-- YOUR TASK --
In the listing below, print exactly the lines between the line holding "c A = (\<chi>" and the line holding "subsection \<open>Unitaries compatible", inclusive, and no more.

-- DATA TO PROCESS --
(* Assume every node of $G$ belongs to at least one $h$-clique, and let $f^*$ be any maximum flow in $\mathcal{H}$. For an independent component set $\mathcal{C}$ define $g(\mathcal{C})=\mathcal{C}\cup des(\mathcal{C})$. Then $g$ is a bijection from the family of independent component sets onto the family of d-closed component sets.
   Context: Let $G=(V,E)$ be a finite simple undirected graph and $h\ge2$. An $h$-clique is a set of $h$ pairwise adjacent nodes; $\mu_h(G[W])$ counts $h$-cliques inside $W$; for nonempty $W$, $\rho_h(W)=\mu_h(G[W])/|W|$; $\rho_h^*=\max_{\emptyset\ne W\subseteq V}\rho_h(W)$; $deg_G(v,h)$ is the number of $h$-cliques containing $v$; $\Lambda$ is the set of $(h-1)$-cliques of $G$ contained in some $h$-clique. Flow network $\mathcal{H}=(V_\mathcal{H},E_\mathcal{H},c)$: $V_\mathcal{H}=V\cup\Lambda\cup\{s,t\}$; for $v\in V$: arcs $(s,v)$ cap. $deg_G(v,h)$, $(v,t)$ cap. $h\rho_h^*$, $(v,s),(t,v)$ cap. $0$; for $\lambda\in\Lambda$, $v\in\lambda$: $(\lambda,v)$ cap. $+\infty$, $(v,\lambda)$ cap. $0$; for $\lambda\in\Lambda$, $v\in V$ with $\lambda\cup\{v\}$ an $h$-clique: $(v,\lambda)$ cap. $1$, $(\lambda,v)$ cap. $0$; no other arcs. A flow $f$ satisfies $f(u,v)\le c(u,v)$, $f(v,u)=-f(u,v)$, conservation at nodes other than $s,t$. The residual graph $\mathcal{H}_{f}$ has an arc $(u,v)$ whenever $(u,v)\in E_\mathcal{H}$ and $c(u,v)-f(u,v)>0$. The condensation $\mathcal{H}^C$ has the SCCs of $\mathcal{H}_{f^*}$ as nodes, with an arc $C\to C'$ ($C\ne C'$) whenever $\mathcal{H}_{f^*}$ has an arc from a node of $C$ to a node of $C'$. A non-trivial component is an SCC containing neither $s$ nor $t$. For a non-trivial component $C$, $des(C)$ (resp. $anc(C)$) is the set of non-trivial components $C'$ such that $\mathcal{H}^C$ has a directed path of length $\ge1$ from $C$ to $C'$ (resp. from $C'$ to $C$); for a set $\mathcal{C}$, $des(\mathcal{C})=\bigcup_{C\in\mathcal{C}}des(C)$. An independent component set is a set $\mathcal{C}$ of non-trivial components with $C\cap V\neq\emptyset$ for all $C\in\mathcal{C}$ and $C_1\notin des(C_2)$ for all $C_1,C_2\in\mathcal{C}$. A d-closed component set is a set $\mathcal{C}$ of non-trivial components such that every $C\in\mathcal{C}$ with $C\cap V=\emptyset$ has an incoming arc in $\mathcal{H}^C$ from some $C'\in\mathcal{C}$, and $des(\mathcal{C})\subseteq\mathcal{C}$. *)

theory Defs
  imports Main "HOL-Library.Extended_Real"
begin

definition simple_graph :: "'v set \<Rightarrow> 'v set set \<Rightarrow> bool" where
  "simple_graph V E \<longleftrightarrow> finite V \<and> E \<subseteq> {{u, w} | u w. u \<in> V \<and> w \<in> V \<and> u \<noteq> w}"

definition is_hclique :: "'v set \<Rightarrow> 'v set set \<Rightarrow> nat \<Rightarrow> 'v set \<Rightarrow> bool" where
  "is_hclique V E h K \<longleftrightarrow> K \<subseteq> V \<and> finite K \<and> card K = h \<and>
     (\<forall>u\<in>K. \<forall>w\<in>K. u \<noteq> w \<longrightarrow> {u, w} \<in> E)"

definition mu :: "'v set \<Rightarrow> 'v set set \<Rightarrow> nat \<Rightarrow> 'v set \<Rightarrow> nat" where
  "mu V E h W = card {K. is_hclique V E h K \<and> K \<subseteq> W}"

definition rho :: "'v set \<Rightarrow> 'v set set \<Rightarrow> nat \<Rightarrow> 'v set \<Rightarrow> real" where
  "rho V E h W = real (mu V E h W) / real (card W)"

definition rho_star :: "'v set \<Rightarrow> 'v set set \<Rightarrow> nat \<Rightarrow> real" where
  "rho_star V E h = Max {rho V E h W | W. W \<noteq> {} \<and> W \<subseteq> V}"

definition cdeg :: "'v set \<Rightarrow> 'v set set \<Rightarrow> nat \<Rightarrow> 'v \<Rightarrow> nat" where
  "cdeg V E h v = card {K. is_hclique V E h K \<and> v \<in> K}"
text \<open>Maximise \<open>U \<mapsto> Re tr (U\<^sup>* X)\<close> over the compact group of unitaries with
  \<open>U\<^sup>* = U\<^sup>\<sharp>\<close>, take a maximiser \<open>U\<close> and put \<open>P = U\<^sup>* X\<close>, which again satisfies
  \<open>P\<^sup>* = P\<^sup>\<sharp>\<close>. For a unit vector \<open>v\<close>, the vector \<open>w = J (cnj v)\<close> with
  \<open>J = [0 I; -I 0]\<close> is a unit vector orthogonal to \<open>v\<close> with \<open>(v v\<^sup>*)\<^sup>\<sharp> = w w\<^sup>*\<close>,
  so \<open>I + (z - 1) v v\<^sup>* + (cnj z - 1) w w\<^sup>*\<close> lies in the group whenever \<open>|z| = 1\<close>.
  Maximality of \<open>U\<close> along these matrices gives \<open>Re (z \<langle>v, P v\<rangle>) \<le> Re \<langle>v, P v\<rangle>\<close> for all
  such \<open>z\<close>, hence \<open>\<langle>v, P v\<rangle> \<ge> 0\<close>; a matrix whose quadratic form is real and
  nonnegative is positive semidefinite.\<close>

definition block_swap :: "'n + 'n \<Rightarrow> 'n + 'n" where
  "block_swap = case_sum Inr Inl"

definition block_sign :: "'n + 'n \<Rightarrow> complex" where
  "block_sign = case_sum (\<lambda>_. 1) (\<lambda>_. -1)"

lemma block_swap_block_swap [simp]: "block_swap (block_swap i) = i"
  by (cases i) (auto simp: block_swap_def)

lemma block_sign_block_swap [simp]: "block_sign (block_swap i) = - block_sign i"
  by (cases i) (auto simp: block_swap_def block_sign_def)

lemma block_sign_square [simp]: "block_sign i * block_sign i = 1"
  by (cases i) (auto simp: block_sign_def)

lemma cnj_block_sign [simp]: "cnj (block_sign i) = block_sign i"
  by (cases i) (auto simp: block_sign_def)

lemma sum_block_swap:
  "(\<Sum>i\<in>UNIV. g (block_swap i)) = (\<Sum>i\<in>(UNIV::('n::finite + 'n) set). g i)"
  by (rule sum.reindex_bij_witness[where i = block_swap and j = block_swap]) auto

lemma sharp_nth:
  "sharp X $ i $ j = block_sign i * block_sign j * X $ block_swap j $ block_swap i"
  by (cases i; cases j) (simp_all add: sharp_def block_swap_def block_sign_def)

lemma sharp_mult: "sharp (A ** B) = sharp B ** sharp (A :: 'n::finite cmat2)"
proof -
  have "(sharp B ** sharp A) $ i $ j = sharp (A ** B) $ i $ j" for i j
  proof -
    have "(sharp B ** sharp A) $ i $ j =
        (\<Sum>k\<in>UNIV. block_sign i * block_sign j *
           (B $ block_swap k $ block_swap i * A $ block_swap j $ block_swap k))"
      unfolding matrix_matrix_mult_def sharp_nth by (auto intro!: sum.cong simp: algebra_simps)
    also have "\<dots> = (\<Sum>k\<in>UNIV. block_sign i * block_sign j *
           (B $ k $ block_swap i * A $ block_swap j $ k))"
      by (rule sum_block_swap)
    also have "\<dots> = sharp (A ** B) $ i $ j"
      unfolding matrix_matrix_mult_def sharp_nth by (simp add: sum_distrib_left algebra_simps)
    finally show ?thesis .
  qed
  then show ?thesis by (simp add: vec_eq_iff)
qed

lemma sharp_sharp [simp]: "sharp (sharp A) = (A :: 'n::finite cmat2)"
  by (simp add: vec_eq_iff sharp_nth algebra_simps)

lemma sharp_mat_1 [simp]: "sharp (mat 1) = (mat 1 :: 'n::finite cmat2)"
  by (auto simp: vec_eq_iff sharp_nth mat_def) (metis block_swap_block_swap)

lemma sharp_add: "sharp (A + B) = sharp A + sharp (B :: 'n::finite cmat2)"
  by (simp add: vec_eq_iff sharp_nth algebra_simps)

lemma continuous_on_sharp: "continuous_on S (sharp :: 'n::finite cmat2 \<Rightarrow> 'n cmat2)"
proof -
  have eq: "sharp = (\<lambda>X :: 'n cmat2. \<chi> i j. block_sign i * block_sign j * X $ block_swap j $ block_swap i)"
    by (simp add: fun_eq_iff vec_eq_iff sharp_nth)
  show ?thesis unfolding eq by (intro continuous_intros)
qed

lemma cadjoint_mult: "cadjoint (A ** B) = cadjoint B ** cadjoint (A :: complex ^ 'm ^ 'm)"
  by (simp add: vec_eq_iff cadjoint_def matrix_matrix_mult_def mult.commute)

lemma cadjoint_cadjoint [simp]: "cadjoint (cadjoint A) = A"
  by (simp add: vec_eq_iff cadjoint_def)

lemma cadjoint_mat_1 [simp]: "cadjoint (mat 1) = mat 1"
  by (simp add: vec_eq_iff cadjoint_def mat_def)

lemma cadjoint_add: "cadjoint (A + B) = cadjoint A + cadjoint B"
  by (simp add: vec_eq_iff cadjoint_def)

lemma matrix_add_rdistrib: "(B + C) ** A = B ** A + C ** (A :: 'a::semiring_1 ^ 'm ^ 'm)"
  by (simp add: vec_eq_iff matrix_matrix_mult_def sum.distrib distrib_right)

lemma continuous_on_cadjoint: "continuous_on S (cadjoint :: complex ^ 'm ^ 'm \<Rightarrow> _)"
  unfolding cadjoint_def by (intro continuous_intros)

lemma cadjoint_eq_sharp_mult:
  "cadjoint A = sharp A \<Longrightarrow> cadjoint B = sharp B \<Longrightarrow>
   cadjoint (A ** B) = sharp (A ** (B :: 'n::finite cmat2))"
  by (simp add: cadjoint_mult sharp_mult)

definition scale_mat :: "complex \<Rightarrow> complex ^ 'm ^ 'm \<Rightarrow> complex ^ 'm ^ 'm" where
  "scale_mat c A = (\<chi> i j. c * A $ i $ j)"

lemma scale_mat_mult_left: "scale_mat c A ** B = scale_mat c (A ** B)"
  by (simp add: vec_eq_iff scale_mat_def matrix_matrix_mult_def sum_distrib_left mult.assoc)

lemma scale_mat_mult_right: "A ** scale_mat c B = scale_mat c (A ** B)"
  by (simp add: vec_eq_iff scale_mat_def matrix_matrix_mult_def sum_distrib_left mult.left_commute)

lemma scale_mat_scale_mat: "scale_mat a (scale_mat b A) = scale_mat (a * b) A"
  by (simp add: vec_eq_iff scale_mat_def)

lemma cadjoint_scale_mat: "cadjoint (scale_mat c A) = scale_mat (cnj c) (cadjoint A)"
  by (simp add: vec_eq_iff scale_mat_def cadjoint_def)

lemma sharp_scale_mat: "sharp (scale_mat c A) = scale_mat c (sharp (A :: 'n::finite cmat2))"
  by (simp add: vec_eq_iff scale_mat_def sharp_nth)

definition cinner :: "complex ^ 'm \<Rightarrow> complex ^ 'm \<Rightarrow> complex" where
  "cinner u x = (\<Sum>k\<in>UNIV. cnj (u $ k) * x $ k)"

definition outer_prod :: "complex ^ 'm \<Rightarrow> complex ^ 'm \<Rightarrow> complex ^ 'm ^ 'm" where
  "outer_prod v u = (\<chi> i j. v $ i * cnj (u $ j))"

lemma outer_prod_mult: "outer_prod v u ** outer_prod x y = scale_mat (cinner u x) (outer_prod v y)"
  by (simp add: vec_eq_iff scale_mat_def outer_prod_def cinner_def matrix_matrix_mult_def
      sum_distrib_left sum_distrib_right mult_ac)

lemma cadjoint_outer_prod: "cadjoint (outer_prod v u) = outer_prod u v"
  by (simp add: vec_eq_iff cadjoint_def outer_prod_def)

lemma cinner_commute: "cinner u x = cnj (cinner x u)"
  by (simp add: cinner_def mult.commute)

lemma norm_vec_power2: "(norm (x :: 'a::real_normed_vector ^ 'n))\<^sup>2 = (\<Sum>i\<in>UNIV. (norm (x $ i))\<^sup>2)"
  by (simp add: norm_vec_def L2_set_def sum_nonneg)

lemma cinner_self: "cinner v v = of_real ((norm v)\<^sup>2)"
  unfolding cinner_def norm_vec_power2 of_real_sum complex_norm_square by (simp add: mult.commute)

subsection \<open>Unitaries compatible with the dual\<close>

definition sharp_unitaries :: "'n::finite cmat2 set" where
  "sharp_unitaries = {U. unitary_mat U \<and> cadjoint U = sharp U}"

lemma mat_1_in_sharp_unitaries: "mat 1 \<in> sharp_unitaries"
  by (simp add: sharp_unitaries_def unitary_mat_def)

lemma unitary_mat_mult: "unitary_mat A \<Longrightarrow> unitary_mat B \<Longrightarrow> unitary_mat (A ** B)"
  unfolding unitary_mat_def cadjoint_mult by (metis matrix_mul_assoc matrix_mul_lid)

lemma sharp_unitaries_mult:
  "A \<in> sharp_unitaries \<Longrightarrow> B \<in> sharp_unitaries \<Longrightarrow> A ** B \<in> sharp_unitaries"
  by (simp add: sharp_unitaries_def unitary_mat_mult cadjoint_eq_sharp_mult)

lemma cadjoint_in_sharp_unitaries:
  assumes "U \<in> sharp_unitaries"
  shows "cadjoint U \<in> sharp_unitaries"
proof -
  have "cadjoint (cadjoint U) = sharp (sharp U)" by simp
  also have "\<dots> = sharp (cadjoint U)" using assms by (simp add: sharp_unitaries_def)
  finally show ?thesis
    using assms unfolding sharp_unitaries_def unitary_mat_def mem_Collect_eq cadjoint_cadjoint
    by blast
qed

-- WORKED SOLUTION --
  "scale_mat c A = (\<chi> i j. c * A $ i $ j)"

lemma scale_mat_mult_left: "scale_mat c A ** B = scale_mat c (A ** B)"
  by (simp add: vec_eq_iff scale_mat_def matrix_matrix_mult_def sum_distrib_left mult.assoc)

lemma scale_mat_mult_right: "A ** scale_mat c B = scale_mat c (A ** B)"
  by (simp add: vec_eq_iff scale_mat_def matrix_matrix_mult_def sum_distrib_left mult.left_commute)

lemma scale_mat_scale_mat: "scale_mat a (scale_mat b A) = scale_mat (a * b) A"
  by (simp add: vec_eq_iff scale_mat_def)

lemma cadjoint_scale_mat: "cadjoint (scale_mat c A) = scale_mat (cnj c) (cadjoint A)"
  by (simp add: vec_eq_iff scale_mat_def cadjoint_def)

lemma sharp_scale_mat: "sharp (scale_mat c A) = scale_mat c (sharp (A :: 'n::finite cmat2))"
  by (simp add: vec_eq_iff scale_mat_def sharp_nth)

definition cinner :: "complex ^ 'm \<Rightarrow> complex ^ 'm \<Rightarrow> complex" where
  "cinner u x = (\<Sum>k\<in>UNIV. cnj (u $ k) * x $ k)"

definition outer_prod :: "complex ^ 'm \<Rightarrow> complex ^ 'm \<Rightarrow> complex ^ 'm ^ 'm" where
  "outer_prod v u = (\<chi> i j. v $ i * cnj (u $ j))"

lemma outer_prod_mult: "outer_prod v u ** outer_prod x y = scale_mat (cinner u x) (outer_prod v y)"
  by (simp add: vec_eq_iff scale_mat_def outer_prod_def cinner_def matrix_matrix_mult_def
      sum_distrib_left sum_distrib_right mult_ac)

lemma cadjoint_outer_prod: "cadjoint (outer_prod v u) = outer_prod u v"
  by (simp add: vec_eq_iff cadjoint_def outer_prod_def)

lemma cinner_commute: "cinner u x = cnj (cinner x u)"
  by (simp add: cinner_def mult.commute)

lemma norm_vec_power2: "(norm (x :: 'a::real_normed_vector ^ 'n))\<^sup>2 = (\<Sum>i\<in>UNIV. (norm (x $ i))\<^sup>2)"
  by (simp add: norm_vec_def L2_set_def sum_nonneg)

lemma cinner_self: "cinner v v = of_real ((norm v)\<^sup>2)"
  unfolding cinner_def norm_vec_power2 of_real_sum complex_norm_square by (simp add: mult.commute)

subsection \<open>Unitaries compatible with the dual\<close>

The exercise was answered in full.